In other words, a loophole saved him from being punished for the crime he actually committed. Not that people should expect anything more than a whitewash of crimes by the police from Clark County District Attorney Steve Wolfson.
Stephen Stubbs Vs. Former Boulder City Chief Thomas Finn
Subsequent to Stubbs’ initiation of the investigation that eventually led to his firing, Finn began engaging in a series of retaliatory acts that included wrongful use of confidential information, as well as filing a false and malicious lawsuit against him relating to the anonymous source of the email instructing officers to delete evidence of his campaign to harass the Mongols.
After acquiring a laptop belonging to Stubbs and containing personal, confidential information belonging to Stubbs, as well as his clients, from Lisa Lemley, a former employee with Stubbs’ law firm, Finn began writing to the FBI, Nevada State Bar, and IRS in failed attempts to compel those agencies to investigate him for fraud and money laundering. All of those allegations were subsequently found to be without any merit.

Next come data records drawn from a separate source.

text \<open>The second difference of \<open>\<phi>\<close> over a small square is \<open>h\<^sup>2\<close> times either mixed partial,
  evaluated at some point of the square.\<close>
lemma mixed_partials_meet_near:
  fixes \<phi> :: "complex \<Rightarrow> real"
  assumes "r > 0" and r: "ball z0 r \<subseteq> D"
    and d\<phi>: "\<And>z. z \<in> D \<Longrightarrow> (\<phi> has_derivative \<Phi> z) (at z)"
    and dA: "\<And>z. z \<in> D \<Longrightarrow> ((\<lambda>w. \<Phi> w 1) has_derivative A z) (at z)"
    and dB: "\<And>z. z \<in> D \<Longrightarrow> ((\<lambda>w. \<Phi> w \<i>) has_derivative B z) (at z)"
  shows "\<exists>p q. dist p z0 < r \<and> dist q z0 < r \<and> A p \<i> = B q 1"
proof -
  define h where "h = r / 3"
  have "h > 0" using \<open>r > 0\<close> unfolding h_def by simp
  have close: "dist (z0 + of_real a * u + of_real b * v) z0 < r"
    if "norm u = 1" "norm v = 1" "0 \<le> a" "a \<le> h" "0 \<le> b" "b \<le> h" for u v a b
  proof -
    have "norm (of_real a * u + of_real b * v) \<le> a + b"
      using norm_triangle_ineq[of "of_real a * u" "of_real b * v"] that by (simp add: norm_mult)
    then show ?thesis using that \<open>r > 0\<close> unfolding h_def by (simp add: dist_norm add.assoc)
  qed
  have sub: "z0 + of_real a * u + of_real b * v \<in> D"
    if "norm u = 1" "norm v = 1" "0 \<le> a" "a \<le> h" "0 \<le> b" "b \<le> h" for u v a b
    using close[OF that] r by (auto simp: dist_commute)
  obtain a b where ab: "0 < a" "a < h" "0 < b" "b < h"
    and ab_eq: "\<phi> (z0 + of_real h * 1 + of_real h * \<i>) - \<phi> (z0 + of_real h * 1) - \<phi> (z0 + of_real h * \<i>) + \<phi> z0
      = h * h * A (z0 + of_real a * 1 + of_real b * \<i>) \<i>"
    using second_difference_mean_value[OF \<open>h > 0\<close> sub[OF norm_one norm_ii] d\<phi> dA] by blast
  obtain c d where cd: "0 < c" "c < h" "0 < d" "d < h"
    and cd_eq: "\<phi> (z0 + of_real h * \<i> + of_real h * 1) - \<phi> (z0 + of_real h * \<i>) - \<phi> (z0 + of_real h * 1) + \<phi> z0
      = h * h * B (z0 + of_real c * \<i> + of_real d * 1) 1"
    using second_difference_mean_value[OF \<open>h > 0\<close> sub[OF norm_ii norm_one] d\<phi> dB] by blast
  have "\<phi> (z0 + of_real h * \<i> + of_real h * 1) = \<phi> (z0 + of_real h * 1 + of_real h * \<i>)"
    by (simp add: add_ac)
  then have "h * h * A (z0 + of_real a * 1 + of_real b * \<i>) \<i> = h * h * B (z0 + of_real c * \<i> + of_real d * 1) 1"
    using ab_eq cd_eq by linarith
  then have "A (z0 + of_real a * 1 + of_real b * \<i>) \<i> = B (z0 + of_real c * \<i> + of_real d * 1) 1"
    using \<open>h > 0\<close> by simp
  then show ?thesis
    using close[OF norm_one norm_ii, of a b] close[OF norm_ii norm_one, of c d] ab cd by fastforce
qed

lemma mixed_partials_eq:
  fixes \<phi> :: "complex \<Rightarrow> real"
  assumes "open D" "z0 \<in> D"
    and d\<phi>: "\<And>z. z \<in> D \<Longrightarrow> (\<phi> has_derivative \<Phi> z) (at z)"
    and dA: "\<And>z. z \<in> D \<Longrightarrow> ((\<lambda>w. \<Phi> w 1) has_derivative A z) (at z)"
    and dB: "\<And>z. z \<in> D \<Longrightarrow> ((\<lambda>w. \<Phi> w \<i>) has_derivative B z) (at z)"
    and cA: "continuous (at z0) (\<lambda>w. A w \<i>)"
    and cB: "continuous (at z0) (\<lambda>w. B w 1)"
  shows "A z0 \<i> = B z0 1"
proof (rule ccontr)
  assume "A z0 \<i> \<noteq> B z0 1"
  define e where "e = \<bar>A z0 \<i> - B z0 1\<bar> / 2"
  have "e > 0" using \<open>A z0 \<i> \<noteq> B z0 1\<close> unfolding e_def by simp
  obtain d1 where "d1 > 0" and d1: "\<And>w. dist w z0 < d1 \<Longrightarrow> dist (A w \<i>) (A z0 \<i>) < e"
    using cA \<open>e > 0\<close> unfolding continuous_at_eps_delta by blast
  obtain d2 where "d2 > 0" and d2: "\<And>w. dist w z0 < d2 \<Longrightarrow> dist (B w 1) (B z0 1) < e"
    using cB \<open>e > 0\<close> unfolding continuous_at_eps_delta by blast
  obtain d3 where "d3 > 0" and d3: "ball z0 d3 \<subseteq> D"
    using \<open>open D\<close> \<open>z0 \<in> D\<close> openE by blast
  define r where "r = min d1 (min d2 d3)"
  have "r > 0" "ball z0 r \<subseteq> D"
    using \<open>d1 > 0\<close> \<open>d2 > 0\<close> \<open>d3 > 0\<close> d3 unfolding r_def by auto
  then obtain p q where "dist p z0 < r" "dist q z0 < r" "A p \<i> = B q 1"
    using mixed_partials_meet_near[OF _ _ d\<phi> dA dB] by blast
  moreover have "dist (A p \<i>) (A z0 \<i>) < e" "dist (B q 1) (B z0 1) < e"
    using d1[of p] d2[of q] \<open>dist p z0 < r\<close> \<open>dist q z0 < r\<close> unfolding r_def by auto
  ultimately show False
    unfolding e_def dist_real_def by (simp add: abs_if split: if_splits)
qed

section \<open>The Schwarz-Pick lemma for the disc and the strip\<close>

lemma one_minus_cnj_mult_neq_0:
  assumes "norm w < 1" "norm z < 1"
  shows "1 - cnj w * z \<noteq> 0"
proof -
  have "norm (cnj w * z) < 1 * 1"
    using assms by (intro norm_mult_less) auto
  then show ?thesis by auto
qed

lemma Moebius_function_has_field_derivative:
  assumes "norm w < 1" "norm z < 1"
  shows "(Moebius_function 0 w has_field_derivative of_real (1 - norm w ^ 2) / (1 - cnj w * z) ^ 2) (at z)"
proof -
  have nz: "1 - cnj w * z \<noteq> 0" using one_minus_cnj_mult_neq_0[OF assms] .
  have "((\<lambda>z. (z - w) / (1 - cnj w * z)) has_field_derivative
      ((1 - cnj w * z) + (z - w) * cnj w) / (1 - cnj w * z) ^ 2) (at z)"
    using nz by (auto intro!: derivative_eq_intros simp: power2_eq_square)
  moreover have "(1 - cnj w * z) + (z - w) * cnj w = of_real (1 - norm w ^ 2)"
    using complex_norm_square[of w] by (simp add: algebra_simps)
  ultimately show ?thesis
    by (simp add: Moebius_function_simple[abs_def])
qed

lemma Moebius_conjugate_has_field_derivative:
  assumes hol: "\<Phi> holomorphic_on ball 0 1" and a: "norm a < 1" and b: "norm (\<Phi> a) < 1"
  shows "(Moebius_function 0 (\<Phi> a) \<circ> \<Phi> \<circ> Moebius_function 0 (- a) has_field_derivative
    deriv \<Phi> a * of_real ((1 - norm a ^ 2) / (1 - norm (\<Phi> a) ^ 2))) (at 0)"
proof -
  define s where "s = 1 - norm a ^ 2"
  define t where "t = 1 - norm (\<Phi> a) ^ 2"
  have "t \<noteq> 0"
    using b unfolding t_def by (metis abs_norm_cancel abs_square_less_1 less_irrefl right_minus_eq)
  have cnj_t: "1 - cnj (\<Phi> a) * \<Phi> a = of_real t"
    using complex_norm_square[of "\<Phi> a"] by (simp add: t_def mult.commute)
  have dM: "(Moebius_function 0 (\<Phi> a) has_field_derivative 1 / of_real t) (at (\<Phi> a))"
    using Moebius_function_has_field_derivative[OF b b, unfolded t_def[symmetric] cnj_t] \<open>t \<noteq> 0\<close>
    by (simp add: power2_eq_square)
  have "(\<Phi> has_field_derivative deriv \<Phi> a) (at a)"
    using hol a by (intro holomorphic_derivI[of _ "ball 0 1"]) auto
  from DERIV_chain[OF dM this]
  have "(Moebius_function 0 (\<Phi> a) \<circ> \<Phi> has_field_derivative 1 / of_real t * deriv \<Phi> a)
      (at (Moebius_function 0 (- a) 0))"
    by (simp add: Moebius_function_simple)
  moreover have "(Moebius_function 0 (- a) has_field_derivative of_real s) (at 0)"
    using Moebius_function_has_field_derivative[of "- a" 0, unfolded norm_minus_cancel s_def[symmetric]] a
    by simp
  ultimately have "(Moebius_function 0 (\<Phi> a) \<circ> \<Phi> \<circ> Moebius_function 0 (- a) has_field_derivative
      1 / of_real t * deriv \<Phi> a * of_real s) (at 0)"
    by (rule DERIV_chain)
  then show ?thesis
    by (simp add: s_def[symmetric] t_def[symmetric] field_simps)
qed

lemma Schwarz_Pick:
  assumes hol: "\<Phi> holomorphic_on ball 0 1" and into: "\<And>z. norm z < 1 \<Longrightarrow> norm (\<Phi> z) < 1"
    and a: "norm a < 1"
  shows "norm (deriv \<Phi> a) * (1 - norm a ^ 2) \<le> 1 - norm (\<Phi> a) ^ 2"
proof -
  define \<Psi> where "\<Psi> = Moebius_function 0 (\<Phi> a) \<circ> \<Phi> \<circ> Moebius_function 0 (- a)"
  have b: "norm (\<Phi> a) < 1" using into a by simp
  have into_T: "norm (Moebius_function 0 (- a) z) < 1" if "norm z < 1" for z
    using Moebius_function_norm_lt_1 a that by simp
  have "\<Psi> holomorphic_on ball 0 1"
    unfolding \<Psi>_def
  proof (rule holomorphic_on_compose_gen)
    show "Moebius_function 0 (- a) holomorphic_on ball 0 1"
      using a by (simp add: Moebius_function_holomorphic)
    show "Moebius_function 0 (- a) ` ball 0 1 \<subseteq> ball 0 1"
      using into_T by auto
    show "(Moebius_function 0 (\<Phi> a) \<circ> \<Phi>) holomorphic_on ball 0 1"
      using into by (intro holomorphic_on_compose_gen[OF hol Moebius_function_holomorphic[OF b]]) auto
  qed
  moreover have "\<Psi> 0 = 0"
    by (simp add: \<Psi>_def Moebius_function_simple)
  moreover have "norm (\<Psi> z) < 1" if "norm z < 1" for z
    unfolding \<Psi>_def using Moebius_function_norm_lt_1 b into into_T that by simp
  ultimately have "norm (deriv \<Psi> 0) \<le> 1"
    using Schwarz_Lemma(2)[of \<Psi> 0] by simp
  moreover have "deriv \<Psi> 0 = deriv \<Phi> a * of_real ((1 - norm a ^ 2) / (1 - norm (\<Phi> a) ^ 2))"
    unfolding \<Psi>_def by (rule DERIV_imp_deriv[OF Moebius_conjugate_has_field_derivative[OF hol a b]])
  moreover have "0 \<le> 1 - norm a ^ 2" "0 < 1 - norm (\<Phi> a) ^ 2"
    using a b by (simp_all add: abs_square_less_1 less_imp_le)
  ultimately show ?thesis
    by (simp only: norm_mult norm_of_real abs_divide abs_of_nonneg abs_of_pos)
      (simp add: divide_le_eq)
qed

Next Finn filed a lawsuit against Stubbs, the city attorney, and two members of the Boulder City Council. Ironically enough (in light of his own participation in the theft of the laptop belonging to Stubbs), the lawsuit was based on the contention that the email in which he instructed police officers to illegally destroy evidence of their intent to harass the Mongols was confidential information that had been acquired illegally. This lawsuit was quickly dismissed on anti-SLAPP grounds.
Stephen Stubbs also had filed a series of lawsuits himself on behalf of the Mongols and Stray Cats motorcycle clubs, as well as the Nevada Confederation of Clubs, over the harassment by Finn and Boulder City Police.
On July 30th, Clark County District Judge Pro Tempore Barbara Johnston ruled that Finn’s lawsuit was filed as retaliation for his firing as police chief and that he had abused his authority in order to acquire Stubbs’ personal laptop and by using it to try to initiate investigations against him by the FBI, Nevada State Bar, and IRS. As part of that ruling Stephen Stubbs was awarded $10,000 in punitive damages plus legal fees, which could amount to as much as $50,000.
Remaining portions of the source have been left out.